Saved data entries
──────────────────────────────

lemma trans_deterministic:
  "t \<in> delta \<Longrightarrow> t' \<in> delta \<Longrightarrow> src t = src t' \<Longrightarrow>
    (lbl1 t = None \<longrightarrow> lbl1 t' = None) \<and> (lbl1 t = lbl1 t' \<and> lbl2 t = lbl2 t' \<longrightarrow> tgt t = tgt t')"
  using two_det unfolding two_det_3aut_def by blast

lemma src_in_states: "t \<in> delta \<Longrightarrow> src t \<in> Q"
  using trans_in_alphabet by blast

lemma lbl1_in_alphabet: "t \<in> delta \<Longrightarrow> lbl1 t = Some a \<Longrightarrow> a \<in> A"
  using trans_in_alphabet by fastforce

lemma lbl2_in_alphabet: "t \<in> delta \<Longrightarrow> lbl2 t = Some a \<Longrightarrow> a \<in> A"
  using trans_in_alphabet by fastforce

lemma lbl2_nonempty: "t \<in> delta \<Longrightarrow> lbl1 t = None \<Longrightarrow> lbl2 t \<noteq> None"
  using two_det unfolding two_det_3aut_def by blast

lemma not_y_state:
  assumes "t \<in> delta" "lbl1 t \<noteq> None" shows "\<not> y_state delta (src t)"
proof
  assume "y_state delta (src t)"
  then obtain t' where "t' \<in> delta" "src t' = src t" "lbl1 t' = None" unfolding y_state_def by blast
  then show False using trans_deterministic[of t' t] assms by simp
qed

lemma y_next_eq:
  assumes "t \<in> delta" "src t = s" "lbl1 t = None" "lbl2 t = Some a"
  shows "y_next delta s a = tgt t"
proof -
  let ?P = "\<lambda>t. t \<in> delta \<and> src t = s \<and> lbl1 t = None \<and> lbl2 t = Some a"
  have "?P (SOME t. ?P t)" using assms by (intro someI[of ?P t]) auto
  then show ?thesis unfolding y_next_def using assms trans_deterministic[of "SOME t. ?P t" t] by simp
qed

lemma escaping_subset_y_state: "escaping delta A \<subseteq> Collect (y_state delta)"
  unfolding escaping_def by auto

lemma escaping_subset_states: "escaping delta A \<subseteq> Q"
  using src_in_states by (auto simp: escaping_def y_state_def)

lemma finite_escaping: "finite (escaping delta A)"
  using escaping_subset_states finite_states by (rule finite_subset)

lemma card_escaping_le: "card (escaping delta A) \<le> card Q"
  using escaping_subset_states finite_states by (rule card_mono[rotated])

lemma escaping_witness_length_bound:
  "\<exists>m\<ge>1. \<forall>s\<in>escaping delta A. \<exists>w. set w \<subseteq> A \<and> length w \<le> m \<and> \<not> y_reads delta s w"
proof -
  have "\<forall>s\<in>escaping delta A. \<exists>w. set w \<subseteq> A \<and> \<not> y_reads delta s w"
    unfolding escaping_def by blast
  then obtain ws where ws: "\<forall>s\<in>escaping delta A. set (ws s) \<subseteq> A \<and> \<not> y_reads delta s (ws s)"
    by metis
  define m where "m = Max (insert 1 (length ` ws ` escaping delta A))"
  have "m \<ge> 1" "\<forall>s\<in>escaping delta A. length (ws s) \<le> m"
    unfolding m_def using finite_escaping by (auto intro: Max_ge)
  then show ?thesis using ws by blast
qed

lemma card_confined_words_escaping_le:
  assumes wit: "\<forall>s\<in>escaping delta A. \<exists>w. set w \<subseteq> A \<and> length w \<le> m \<and> \<not> y_reads delta s w"
  shows "card (\<Union>s\<in>escaping delta A. confined_words delta (escaping delta A) A (k * m) s)
    \<le> card Q * (card A ^ m - 1) ^ k"
proof -
  let ?E = "escaping delta A"
  have "card (\<Union>s\<in>?E. confined_words delta ?E A (k * m) s)
      \<le> (\<Sum>s\<in>?E. card (confined_words delta ?E A (k * m) s))"
    using finite_escaping by (rule card_UN_le)
  also have "\<dots> \<le> (\<Sum>s\<in>?E. (card A ^ m - 1) ^ k)"
    using finite_alphabet wit escaping_subset_y_state
    by (intro sum_mono card_confined_words_le_power) auto
  also have "\<dots> \<le> card Q * (card A ^ m - 1) ^ k"
    using card_escaping_le by (simp add: mult_right_mono)
  finally show ?thesis .
qed

lemma rare_confined_words:
  assumes "A \<noteq> {}"
  shows "\<exists>M B. M \<ge> 1 \<and> finite B \<and> (\<forall>u\<in>B. length u = M \<and> set u \<subseteq> A) \<and>
     real (card B) / real (card A) ^ M < 1/2 \<and>
     (\<forall>s\<in>escaping delta A. confined_words delta (escaping delta A) A M s \<subseteq> B)"
proof -
  let ?E = "escaping delta A"
  obtain m where m: "m \<ge> 1" and wit: "\<forall>s\<in>?E. \<exists>w. set w \<subseteq> A \<and> length w \<le> m \<and> \<not> y_reads delta s w"
    using escaping_witness_length_bound by blast
  define P where "P = card A ^ m"
  have P: "P \<ge> 1" unfolding P_def using assms finite_alphabet by (simp add: Suc_le_eq card_gt_0_iff)
  define q where "q = real (P - 1) / real P"
  have "0 \<le> q" "q < 1" unfolding q_def using P by (auto simp: of_nat_diff)
  then obtain k0 where k0: "real (card Q) * q ^ Suc k0 < 1/2"
    using ex_mult_power_Suc_less[where c = "real (card Q)" and e = "1/2"] by auto
  define k where "k = Suc k0"
  define M where "M = k * m"
  define B where "B = (\<Union>s\<in>?E. confined_words delta ?E A M s)"
  have "card B \<le> card Q * (P - 1) ^ k"
    unfolding B_def M_def P_def using wit by (rule card_confined_words_escaping_le)
  then have "real (card B) \<le> real (card Q) * real (P - 1) ^ k"
    by (metis of_nat_le_iff of_nat_mult of_nat_power)
  moreover have "real (card A) ^ M = real P ^ k"
    unfolding M_def P_def by (simp add: power_mult[symmetric] mult.commute)
  ultimately have "real (card B) / real (card A) ^ M \<le> real (card Q) * q ^ k"
    using P by (simp add: q_def power_divide divide_right_mono)
  then have "real (card B) / real (card A) ^ M < 1/2" using k0 unfolding k_def by (rule le_less_trans)
  moreover have "M \<ge> 1" unfolding M_def k_def using m by simp
  moreover have "finite B" unfolding B_def
    using finite_escaping finite_alphabet by (auto intro: finite_confined_words)
  moreover have "\<forall>u\<in>B. length u = M \<and> set u \<subseteq> A" unfolding B_def confined_words_def by blast
  moreover have "\<forall>s\<in>?E. confined_words delta ?E A M s \<subseteq> B" unfolding B_def by blast
  ultimately show ?thesis by (intro exI[of _ M] exI[of _ B] conjI) assumption+
qed

lemma accepting_run_alphabet_nonempty:
  assumes "accepting_run delta q0 r" shows "A \<noteq> {}"
proof -
  have r0: "r 0 \<in> delta" using assms unfolding accepting_run_def by blast
  show ?thesis
  proof (cases "lbl1 (r 0)")
    case None
    then obtain b where "lbl2 (r 0) = Some b" using lbl2_nonempty[OF r0] by blast
    then show ?thesis using lbl2_in_alphabet[OF r0] by blast
  next
    case (Some a)
    then show ?thesis using lbl1_in_alphabet[OF r0] by blast
  qed
qed

end

subsection \<open>Blocks of y along an accepting run\<close>

locale accepting_automaton_run = two_det_automaton Q A delta q0
  for Q :: "'q set" and A :: "'a set" and delta q0 +
  fixes r y
  assumes accepting: "accepting_run delta q0 r" and y_label: "run_label lbl2 r y"
begin

abbreviation "xlen n \<equiv> length (prefix_label lbl1 r n)"
abbreviation "ylen n \<equiv> length (prefix_label lbl2 r n)"
lemma maximal_ring_ideal_superset:
  fixes I :: "'a::comm_ring_1 set"
  assumes "ring_ideal I" "1 \<notin> I"
  shows "\<exists>M. maximal_ring_ideal M \<and> I \<subseteq> M"
proof -
  let ?A = "{J. ring_ideal J \<and> I \<subseteq> J \<and> 1 \<notin> J}"
  have "\<exists>U\<in>?A. \<forall>X\<in>C. X \<subseteq> U" if "C \<in> chains ?A" for C
  proof (cases "C = {}")
    case True then show ?thesis using assms by auto
  next
    case False
    with that have "\<Union>C \<in> ?A"
      using ring_ideal_Union_chain[of C] unfolding chains_def by auto
    then show ?thesis by blast
  qed
  then obtain M where M: "M \<in> ?A" "\<forall>X\<in>?A. M \<subseteq> X \<longrightarrow> X = M"
    using Zorn_Lemma2[of ?A] by blast
  then have "maximal_ring_ideal M"
    unfolding maximal_ring_ideal_def using ring_ideal_eq_UNIV_iff by blast
  then show ?thesis using M by auto
qed

context
  fixes m :: "'a::comm_ring_1 set"
  assumes local: "local_ring TYPE('a)" and maximal: "maximal_ring_ideal m"
begin

lemma local_ring_maximal_iff_nonunit: "x \<in> m \<longleftrightarrow> \<not> x dvd 1"
proof
  assume "x \<in> m"
  with maximal show "\<not> x dvd 1"
    unfolding maximal_ring_ideal_def by (metis dvdE ring_ideal_eq_UNIV_iff ring_ideal_mult_right)
next
  assume "\<not> x dvd 1"
  then have "1 \<notin> range (\<lambda>r. r * x)" by (metis dvd_triv_right imageE)
  then obtain M where "maximal_ring_ideal M" "range (\<lambda>r. r * x) \<subseteq> M"
    using maximal_ring_ideal_superset ring_ideal_principal by blast
  moreover have "M = m" using local maximal \<open>maximal_ring_ideal M\<close> unfolding local_ring_def by blast
  ultimately show "x \<in> m" using rangeI[of "\<lambda>r. r * x" 1] by auto
qed

lemma local_ring_one_minus_unit: "z \<in> m \<Longrightarrow> (1 - z) dvd 1"
  using maximal local_ring_maximal_iff_nonunit ring_ideal_add[of m "1 - z" z]
  unfolding maximal_ring_ideal_def by fastforce

lemma nakayama_principal:
  assumes "a = z * a" "z \<in> m" shows "a = 0"
proof -
  obtain v where v: "1 = (1 - z) * v" using local_ring_one_minus_unit[OF assms(2)] by (rule dvdE)
  have "a = v * ((1 - z) * a)" by (metis v mult.assoc mult.commute mult_1_left)
  also have "(1 - z) * a = 0" using assms(1) by (simp add: algebra_simps)
  finally show ?thesis by simp
qed

end

lemma artinian_ring_minimal_ideal:
  fixes F :: "'a::comm_ring_1 set set"
  assumes art: "artinian_ring TYPE('a)" and "J \<in> F" and ideals: "\<And>J. J \<in> F \<Longrightarrow> ring_ideal J"
  shows "\<exists>J0\<in>F. \<forall>J\<in>F. J \<subseteq> J0 \<longrightarrow> J = J0"
proof (rule ccontr)
  assume "\<not> ?thesis"
  then have "\<forall>X\<in>F. \<exists>Y. Y \<in> F \<and> Y \<subset> X" by blast
  then obtain smaller where smaller: "\<And>X. X \<in> F \<Longrightarrow> smaller X \<in> F \<and> smaller X \<subset> X"
    by metis
  define c where "c n = (smaller ^^ n) J" for n
  have c_in: "c n \<in> F" for n
    by (induction n) (simp_all add: c_def \<open>J \<in> F\<close> smaller)
  then have c_Suc: "c (Suc n) \<subset> c n" for n
    by (simp add: c_def smaller)
  then obtain N where "\<forall>n\<ge>N. c n = c N"
    using art c_in ideals unfolding artinian_ring_def by (metis psubset_imp_subset)
  then have "c (Suc N) = c N" by (metis le_SucI order_refl)
  then show False using c_Suc[of N] by simp
qed
lemma centers_independent:
  assumes "a *s c1 + b *s c2 = 0"
  shows "a = 0 \<and> b = 0"
proof (cases "a = 0")
  case True
  then show ?thesis
    using assms c2_nonzero by simp
next
  case False
  then have "c1 = (- b / a) *s c2"
    using assms by (simp add: vec_eq_iff field_simps add_eq_0_iff)
  then show ?thesis
    using centers_distinct by blast
qed

lemma A2_c1_nonzero: "A2 *v c1 \<noteq> 0"
proof
  assume "A2 *v c1 = 0"
  with right_inverse_A2 obtain s where "c1 = s *s c2"
    using kernel_3x4_eq_line c2_nonzero A2_c2 by metis
  then show False
    using centers_distinct by blast
qed

lemma A1_c2_nonzero: "A1 *v c2 \<noteq> 0"
proof
  assume "A1 *v c2 = 0"
  with right_inverse_A1 obtain s where "c2 = s *s c1"
    using kernel_3x4_eq_line c1_nonzero A1_c1 by metis
  then have "1 *s c2 + (- s) *s c1 = 0"
    by simp
  then show False
    using centers_independent[of "- s" 1] by (simp add: add.commute)
qed

lemma pullback_form_eq_0_iff: "pullback_form A1 A2 M = 0 \<longleftrightarrow> M = 0"
proof
  obtain R1 R2 where R: "A1 ** R1 = mat 1" "A2 ** R2 = mat 1"
    using right_inverse_A1 right_inverse_A2 by metis
  have "transpose R2 ** pullback_form A1 A2 M ** R1 = transpose (A2 ** R2) ** M ** (A1 ** R1)"
    by (simp add: pullback_form_def matrix_transpose_mul matrix_mul_assoc)
  also have "\<dots> = M"
    by (simp add: R)
  finally show "pullback_form A1 A2 M = 0 \<Longrightarrow> M = 0"
    by auto
qed (simp add: pullback_form_def)

lemma pullback_form_c1: "pullback_form A1 A2 M *v c1 = 0"
  by (simp add: pullback_form_def A1_c1 flip: matrix_vector_mul_assoc)

lemma c2_pullback_form: "c2 v* pullback_form A1 A2 M = 0"
  by (simp add: pullback_form_def A2_c2 flip: vector_matrix_mul_assoc)

lemma pullback_form_surj:
  assumes "B *v c1 = 0" and "c2 v* B = 0"
  shows "\<exists>M. pullback_form A1 A2 M = B"
proof -
  obtain R1 R2 where R: "A1 ** R1 = mat 1" "A2 ** R2 = mat 1"
    using right_inverse_A1 right_inverse_A2 by metis
  have "B ** (R1 ** A1) = B"
    using mult_right_inverse_cancel[OF R(1) c1_nonzero A1_c1 assms(1)] .
  moreover have "transpose B ** (R2 ** A2) = transpose B"
    using mult_right_inverse_cancel[OF R(2) c2_nonzero A2_c2, of "transpose B"] assms(2) by simp
  then have "transpose (R2 ** A2) ** B = B"
    by (metis matrix_transpose_mul transpose_transpose)
  ultimately have "pullback_form A1 A2 (transpose R2 ** B ** R1) = B"
    by (simp add: pullback_form_def matrix_transpose_mul matrix_mul_assoc)
  then show ?thesis ..
qed

lemma pullback_quadric_eq_0_iff:
  assumes F: "pullback_quadric A1 A2 F = 0" "F \<noteq> 0"
  shows "pullback_quadric A1 A2 M = 0 \<longleftrightarrow> (\<exists>t. M = mat t ** F)"
proof
  have skew: "transpose (pullback_form A1 A2 X) = - pullback_form A1 A2 X"
    if "pullback_quadric A1 A2 X = 0" for X
    using that unfolding pullback_quadric_def by (metis add.commute eq_neg_iff_add_eq_0)
  have null: "pullback_form A1 A2 X *v c1 = 0" "pullback_form A1 A2 X *v c2 = 0"
    if "pullback_quadric A1 A2 X = 0" for X
    using pullback_form_c1[of X] c2_pullback_form[of X] skew[OF that]
    by (simp_all flip: transpose_matrix_vector)
  assume "pullback_quadric A1 A2 M = 0"
  moreover have "pullback_form A1 A2 F \<noteq> 0"
    using F(2) pullback_form_eq_0_iff by blast
  ultimately obtain t where "pullback_form A1 A2 M = mat t ** pullback_form A1 A2 F"
    using skew_null_vectors_proportional[OF centers_independent skew null skew null] F(1) by blast
  then have "pullback_form A1 A2 (M - mat t ** F) = 0"
    by simp
  then have "M = mat t ** F"
    by (simp only: pullback_form_eq_0_iff right_minus_eq)
  then show "\<exists>t. M = mat t ** F" ..
qed (use F(1) pullback_quadric_linear[of A1 A2 _ F 0 F] in auto)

──────────────────────────────

Exercise →
Output the lines of the records above exactly as they appear, from the line containing "A2) = transpose" through the line containing "using that unfolding".

Result of the task →
  moreover have "transpose B ** (R2 ** A2) = transpose B"
    using mult_right_inverse_cancel[OF R(2) c2_nonzero A2_c2, of "transpose B"] assms(2) by simp
  then have "transpose (R2 ** A2) ** B = B"
    by (metis matrix_transpose_mul transpose_transpose)
  ultimately have "pullback_form A1 A2 (transpose R2 ** B ** R1) = B"
    by (simp add: pullback_form_def matrix_transpose_mul matrix_mul_assoc)
  then show ?thesis ..
qed

lemma pullback_quadric_eq_0_iff:
  assumes F: "pullback_quadric A1 A2 F = 0" "F \<noteq> 0"
  shows "pullback_quadric A1 A2 M = 0 \<longleftrightarrow> (\<exists>t. M = mat t ** F)"
proof
  have skew: "transpose (pullback_form A1 A2 X) = - pullback_form A1 A2 X"
    if "pullback_quadric A1 A2 X = 0" for X
    using that unfolding pullback_quadric_def by (metis add.commute eq_neg_iff_add_eq_0)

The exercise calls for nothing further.